Sem parâmetro ou motivo aparente, o homicida observa religiosamente o cotidiano de suas vítimas, anotando seus passos e horários exatos em cadernos pautados padronizados, vendidos por um velho amigo de seu pai, por quem tem um imenso apreço. Tardieu é assim. Dúbio e enigmático. Um homem bondoso e estável para aqueles que o conhecem desde pequeno e até um bom hospedeiro para os que são sequestrados. O que enfurece Pierre são as vítimas que se recusam a obedecê-lo ou, simplesmente, a respondê-lo com franqueza. O expectador se flagra pensando, então, como sobreviver ao aprisionamento no sotão de um tresloucado e fugir de uma morte já decidida por seu algoz. Se, para o psicopata, nenhuma daquelas vítimas e suas vidas ordinárias são dignas de continuar vivendo, quais eram as expectativas de Tardieu para libertar uma delas?
Como o francês disse em uma das histórias inventadas sobre a mãe, sua loucura, talvez, seja obra do irracional “desejo de exercer um poder sobre aqueles que não podem se defender”. Assim, Pierre Tardieu sempre golpeava suas vítimas com armas diferentes no sótão de sua casa – que um dia fora o esconderijo de judeus na Segunda Guerra Mundial -, usando da força bruta para conseguir o que queria e calar eternamente suas presas. Nesse ato havia a satisfação de completar um ciclo, uma história. Pierre registrava nos cadernos azuis e infantis, em terceira pessoa, a continuação de um hábito há muito praticado: “Há 11 anos, você cometia seu primeiro assassinato…”

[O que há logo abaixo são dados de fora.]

lemma powr_heat_semigroup_le:
  fixes h :: "real^2 \<Rightarrow> real"
  assumes t: "t > 0" and [measurable]: "h \<in> borel_measurable borel"
    and h0: "\<And>y. 0 \<le> h y" and hB: "\<And>y. h y \<le> B" and q: "q \<ge> 1"
  shows "heat_semigroup t h x powr q \<le> heat_semigroup t (\<lambda>y. h y powr q) x"
proof -
  have hk0: "heat_kernel t z \<ge> 0" for z using t by (simp add: heat_kernel_nonneg)
  define Q where "Q = density lborel (\<lambda>y. ennreal (heat_kernel t (x - y)))"
  interpret Q: prob_space Q
  proof
    show "emeasure Q (space Q) = 1"
      unfolding Q_def using heat_kernel_translate(3)[OF t] by (subst emeasure_density) auto
  qed
  have "(\<integral>y. h y \<partial>Q) powr q \<le> (\<integral>y. h y powr q \<partial>Q)"
    by (rule Q.powr_integral_le_integral_powr[OF _ _ _ q, where B=B]) (auto simp: Q_def h0 hB)
  moreover have "(\<integral>y. h y \<partial>Q) = (\<integral>y. heat_kernel t (x - y) * h y \<partial>lborel)"
    unfolding Q_def using hk0 by (subst integral_density) auto
  moreover have "(\<integral>y. h y powr q \<partial>Q) = (\<integral>y. heat_kernel t (x - y) * h y powr q \<partial>lborel)"
    unfolding Q_def using hk0 by (subst integral_density) auto
  ultimately show ?thesis by (simp add: heat_semigroup_def)
qed

lemma nn_integral_heat_semigroup:
  fixes h :: "real^2 \<Rightarrow> real"
  assumes t: "t > 0" and [measurable]: "h \<in> borel_measurable borel" and h0: "\<And>y. 0 \<le> h y"
  shows "(\<integral>\<^sup>+x. (\<integral>\<^sup>+y. ennreal (heat_kernel t (x - y) * h y) \<partial>lborel) \<partial>lborel)
       = (\<integral>\<^sup>+y. ennreal (h y) \<partial>lborel)"
proof -
  have "(\<integral>\<^sup>+x. (\<integral>\<^sup>+y. ennreal (heat_kernel t (x - y) * h y) \<partial>lborel) \<partial>lborel)
      = (\<integral>\<^sup>+y. (\<integral>\<^sup>+x. ennreal (heat_kernel t (x - y) * h y) \<partial>lborel) \<partial>lborel)"
    by (rule lborel_pair.Fubini'[symmetric]) measurable
  also have "\<dots> = (\<integral>\<^sup>+y. ennreal (h y) \<partial>lborel)"
  proof (rule nn_integral_cong)
    fix y :: "real^2"
    have "(\<integral>\<^sup>+x. ennreal (heat_kernel t (x - y) * h y) \<partial>lborel)
        = (\<integral>\<^sup>+x. ennreal (heat_kernel t (y - x)) * ennreal (h y) \<partial>lborel)"
      using t h0
      by (intro nn_integral_cong) (simp add: heat_kernel_diff_commute[of t _ y] ennreal_mult heat_kernel_nonneg)
    also have "\<dots> = (\<integral>\<^sup>+x. ennreal (heat_kernel t (y - x)) \<partial>lborel) * ennreal (h y)"
      by (rule nn_integral_multc) measurable
    also have "\<dots> = ennreal (h y)"
      using heat_kernel_translate(3)[OF t, of y] by simp
    finally show "(\<integral>\<^sup>+x. ennreal (heat_kernel t (x - y) * h y) \<partial>lborel) = ennreal (h y)" .
  qed
  finally show ?thesis .
qed

section \<open>Compactly supported functions and their \<open>L\<^sup>p\<close> norms\<close>

lemma continuous_compact_support_bounded:
  fixes f :: "'a::topological_space \<Rightarrow> 'b::real_normed_vector"
  assumes cont: "continuous_on UNIV f" and cpt: "compact (closure {x. f x \<noteq> 0})"
  shows "\<exists>B\<ge>0. \<forall>y. norm (f y) \<le> B"
proof -
  let ?K = "closure {x. f x \<noteq> 0}"
  have "compact (f ` ?K)"
    using cpt cont by (intro compact_continuous_image) (auto intro: continuous_on_subset)
  then obtain B where B: "\<And>z. z \<in> f ` ?K \<Longrightarrow> norm z \<le> B"
    using compact_imp_bounded bounded_iff by metis
  have "norm (f y) \<le> max B 0" for y
    using B[of "f y"] closure_subset[of "{x. f x \<noteq> 0}"] by (cases "f y = 0") auto
  thus ?thesis by (intro exI[of _ "max B 0"]) auto
qed

lemma integrable_powr_continuous_compact_support:
  fixes f :: "'a::euclidean_space \<Rightarrow> 'b::real_normed_vector"
  assumes cont: "continuous_on UNIV f" and cpt: "compact (closure {x. f x \<noteq> 0})" and p: "p > 0"
  shows "integrable lborel (\<lambda>y. norm (f y) powr p)"
proof -
  let ?K = "closure {x. f x \<noteq> 0}"
  obtain B where B: "\<And>y. norm (f y) \<le> B"
    using continuous_compact_support_bounded[OF cont cpt] by blast
  have bound: "norm (norm (f y) powr p) \<le> norm (indicator ?K y *\<^sub>R (B powr p))" for y
  proof (cases "y \<in> ?K")
    case True thus ?thesis using B[of y] p by (simp add: powr_mono2)
  next
    case False thus ?thesis using closure_subset[of "{x. f x \<noteq> 0}"] by auto
  qed
  show ?thesis
  proof (rule Bochner_Integration.integrable_bound)
    show "integrable lborel (\<lambda>y. indicator ?K y *\<^sub>R (B powr p))"
      using cpt by (intro integrable_indicator emeasure_bounded_finite compact_imp_bounded) auto
    have "f \<in> borel_measurable borel" using cont by (rule borel_measurable_continuous_onI)
    thus "(\<lambda>y. norm (f y) powr p) \<in> borel_measurable lborel" by simp
    show "AE y in lborel. norm (norm (f y) powr p) \<le> norm (indicator ?K y *\<^sub>R (B powr p))"
      using bound by simp
  qed
qed

lemma integrable_continuous_compact_support:
  fixes f :: "'a::euclidean_space \<Rightarrow> 'b::{banach, second_countable_topology}"
  assumes cont: "continuous_on UNIV f" and cpt: "compact (closure {x. f x \<noteq> 0})"
  shows "integrable lborel f"
proof -
  have [measurable]: "f \<in> borel_measurable borel" using cont by (rule borel_measurable_continuous_onI)
  have "integrable lborel (\<lambda>y. norm (f y) powr 1)"
    by (rule integrable_powr_continuous_compact_support[OF cont cpt]) simp
  thus ?thesis by (subst integrable_norm_iff[symmetric]) auto
qed

lemma continuous_norm_le_esssup:
  fixes f :: "'a::euclidean_space \<Rightarrow> 'b::real_normed_vector"
  assumes cont: "continuous_on UNIV f"
  shows "ennreal (norm (f y)) \<le> esssup lborel (\<lambda>y. ennreal (norm (f y)))"
proof (rule ccontr)
  let ?E = "esssup lborel (\<lambda>y. ennreal (norm (f y)))"
  assume "\<not> ennreal (norm (f y)) \<le> ?E"
  hence lt: "?E < ennreal (norm (f y))" by simp
  then obtain s where s: "?E = ennreal s" "s \<ge> 0" by (cases ?E) (auto simp: top_unique)
  have sl: "s < norm (f y)" using lt s by (simp add: ennreal_less_iff)
  have [measurable]: "f \<in> borel_measurable borel" using cont by (rule borel_measurable_continuous_onI)
  have AE: "AE z in lborel. norm (f z) \<le> s"
    using esssup_AE[of "\<lambda>y. ennreal (norm (f y))" lborel] s by (auto elim!: eventually_mono)
  have "open {z. s < norm (f z)}" using cont by (intro open_Collect_less continuous_intros) auto
  then obtain r where r: "r > 0" "ball y r \<subseteq> {z. s < norm (f z)}"
    using sl open_contains_ball by blast
  have meas: "{z \<in> space lborel. \<not> norm (f z) \<le> s} \<in> sets lborel" by measurable
  have "emeasure lborel {z \<in> space lborel. \<not> norm (f z) \<le> s} = 0"
    using AE by (subst (asm) AE_iff_measurable[OF meas refl])
  moreover have "emeasure lborel (ball y r) \<le> emeasure lborel {z \<in> space lborel. \<not> norm (f z) \<le> s}"
    using r meas by (intro emeasure_mono) auto
  ultimately have "measure lborel (ball y r) = 0" by (simp add: measure_def)
  with r content_ball_gt_0_iff[of y r] show False by simp
qed

lemma Lp_norm2_top_le:
  assumes cont: "continuous_on UNIV f" and [measurable]: "g \<in> borel_measurable borel"
    and bound: "\<And>s x. (\<And>y. norm (f y) \<le> s) \<Longrightarrow> norm (g x) \<le> s"
  shows "Lp_norm2 \<infinity> g \<le> Lp_norm2 \<infinity> f"
proof (cases "esssup lborel (\<lambda>y. ennreal (norm (f y)))")
  case (real s)
  have "norm (f y) \<le> s" for y using continuous_norm_le_esssup[OF cont, of y] real by simp
  hence "norm (g x) \<le> s" for x by (rule bound)
  hence "esssup lborel (\<lambda>x. ennreal (norm (g x))) \<le> ennreal s"
    by (intro esssup_I) (auto intro: ennreal_leI)
  thus ?thesis using real by (simp add: Lp_norm2_def)
qed (simp add: Lp_norm2_def)

lemma Lp_norm2_le_if_nn_integral_powr_le:
  assumes p: "p \<noteq> \<infinity>"
    and le: "(\<integral>\<^sup>+x. ennreal (norm (g x) powr enn2real p) \<partial>lborel)
           \<le> (\<integral>\<^sup>+x. ennreal (norm (f x) powr enn2real p) \<partial>lborel)"
  shows "Lp_norm2 p g \<le> Lp_norm2 p f"
proof -
  define Ig where "Ig = (\<integral>\<^sup>+x. ennreal (norm (g x) powr enn2real p) \<partial>lborel)"
  define If where "If = (\<integral>\<^sup>+x. ennreal (norm (f x) powr enn2real p) \<partial>lborel)"
  show ?thesis
  proof (cases "If = \<infinity>")
    case False
    hence "Ig \<noteq> \<infinity>" using le by (auto simp: Ig_def If_def top_unique)
    moreover have "enn2real Ig powr (1 / enn2real p) \<le> enn2real If powr (1 / enn2real p)"
      using le False by (intro powr_mono2 enn2real_mono) (auto simp: Ig_def If_def less_top)
    ultimately show ?thesis
      using p False by (simp add: Lp_norm2_def Let_def Ig_def[symmetric] If_def[symmetric] ennreal_leI)
  qed (use p in \<open>simp add: Lp_norm2_def Let_def If_def[symmetric]\<close>)
qed

section \<open>Multipliers with Gaussian mixture symbols\<close>

locale gaussian_mixture = prob_space N for N :: "'w measure" +
  fixes T :: "'w \<Rightarrow> real" and m :: "real^2 \<Rightarrow> real"
  assumes T_measurable[measurable]: "T \<in> borel_measurable N"
    and T_pos: "\<And>\<omega>. \<omega> \<in> space N \<Longrightarrow> T \<omega> > 0"
    and symbol_eq: "\<And>k. m k = (\<integral>\<omega>. exp (- T \<omega> * (norm k)\<^sup>2) \<partial>N)"
begin

lemma symbol_measurable[measurable]: "m \<in> borel_measurable borel"
proof -
  have "(\<lambda>k. \<integral>\<omega>. exp (- T \<omega> * (norm k)\<^sup>2) \<partial>N) \<in> borel_measurable borel" by measurable
  thus ?thesis by (simp add: symbol_eq[abs_def])
qed

lemma symbol_nonneg: "m k \<ge> 0"
  unfolding symbol_eq by (intro integral_nonneg_AE) auto

lemma integrable_heat_mixture_integrand:
  fixes f :: "real^2 \<Rightarrow> complex"
  assumes [measurable]: "f \<in> borel_measurable borel"
    and int: "integrable lborel (\<lambda>k. complex_of_real (m k) * fourier2 f k)"
  shows "integrable (lborel \<Otimes>\<^sub>M N)
    (\<lambda>(k, \<omega>). exp (\<i> * complex_of_real (k \<bullet> x)) * complex_of_real (exp (- T \<omega> * (norm k)\<^sup>2)) * fourier2 f k)"
proof -
  interpret P: pair_sigma_finite "lborel :: (real^2) measure" N
    by (intro pair_sigma_finite.intro sigma_finite_lborel sigma_finite_measure_axioms)
  define \<Phi> where "\<Phi> k \<omega> = exp (\<i> * complex_of_real (k \<bullet> x)) * complex_of_real (exp (- T \<omega> * (norm k)\<^sup>2))
    * fourier2 f k" for k :: "real^2" and \<omega>
  have \<Phi>m[measurable]: "(\<lambda>(k, \<omega>). \<Phi> k \<omega>) \<in> borel_measurable (lborel \<Otimes>\<^sub>M N)"
    unfolding \<Phi>_def by measurable
  have norm\<Phi>: "norm (\<Phi> k \<omega>) = exp (- T \<omega> * (norm k)\<^sup>2) * norm (fourier2 f k)" for k \<omega>
    by (simp add: \<Phi>_def norm_mult)
  have "integrable (lborel \<Otimes>\<^sub>M N) (\<lambda>(k, \<omega>). \<Phi> k \<omega>)"
  proof (rule P.Fubini_integrable)
    have "norm (complex_of_real (m k) * fourier2 f k) = (\<integral>\<omega>. norm (\<Phi> k \<omega>) \<partial>N)" for k
      using symbol_nonneg[of k] by (simp add: norm_mult symbol_eq norm\<Phi>)
    thus "integrable lborel (\<lambda>k. \<integral>\<omega>. norm ((\<lambda>(k, \<omega>). \<Phi> k \<omega>) (k, \<omega>)) \<partial>N)"
      using integrable_norm[OF int] by simp
    have "norm (\<Phi> k \<omega>) \<le> norm (fourier2 f k)" if "\<omega> \<in> space N" for k \<omega>
      using T_pos[OF that] by (simp add: norm\<Phi> mult_left_le_one_le)
    thus "AE k in lborel. integrable N (\<lambda>\<omega>. (\<lambda>(k, \<omega>). \<Phi> k \<omega>) (k, \<omega>))"
      using measurable_Pair2[OF \<Phi>m]
      by (intro AE_I2 integrable_const_bound[where B="norm (fourier2 f _)"]) auto
  qed simp
  thus ?thesis by (simp add: \<Phi>_def[abs_def])
qed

Ademais, a alienação e o calculismo da personagem se expressam também pela sonoridade do filme, que, entre as falas e a trilha sonora antiga e romântica, destaca sons mecânicos e metálicos. Entre as poucas personagens, a maioria dos atores possui uma vasta experiência no cinema e o elenco entrega uma atuação coerente, não exagerada, sobre o drama que os cercam. Jean-Jacques Lelté, intérprete do protagonista, transmite bem o sossego e a inquietação de um psicopata que está com a situação sob controle, porém, sem se destacar como uma grande nova referência do manicômio cinematográfico.
A primeira película do romancista francês Eric Cherriere oferece ao expectador muito mais atenção e reflexão do que a ação prometida no trailer. Ainda sim, ela não se torna uma experiência enfadonha e maçante para quem está disposto à maratonear a Mostra Internacional de Cinema. Inclua, sem medo, Cruel na sua agenda cinéfila.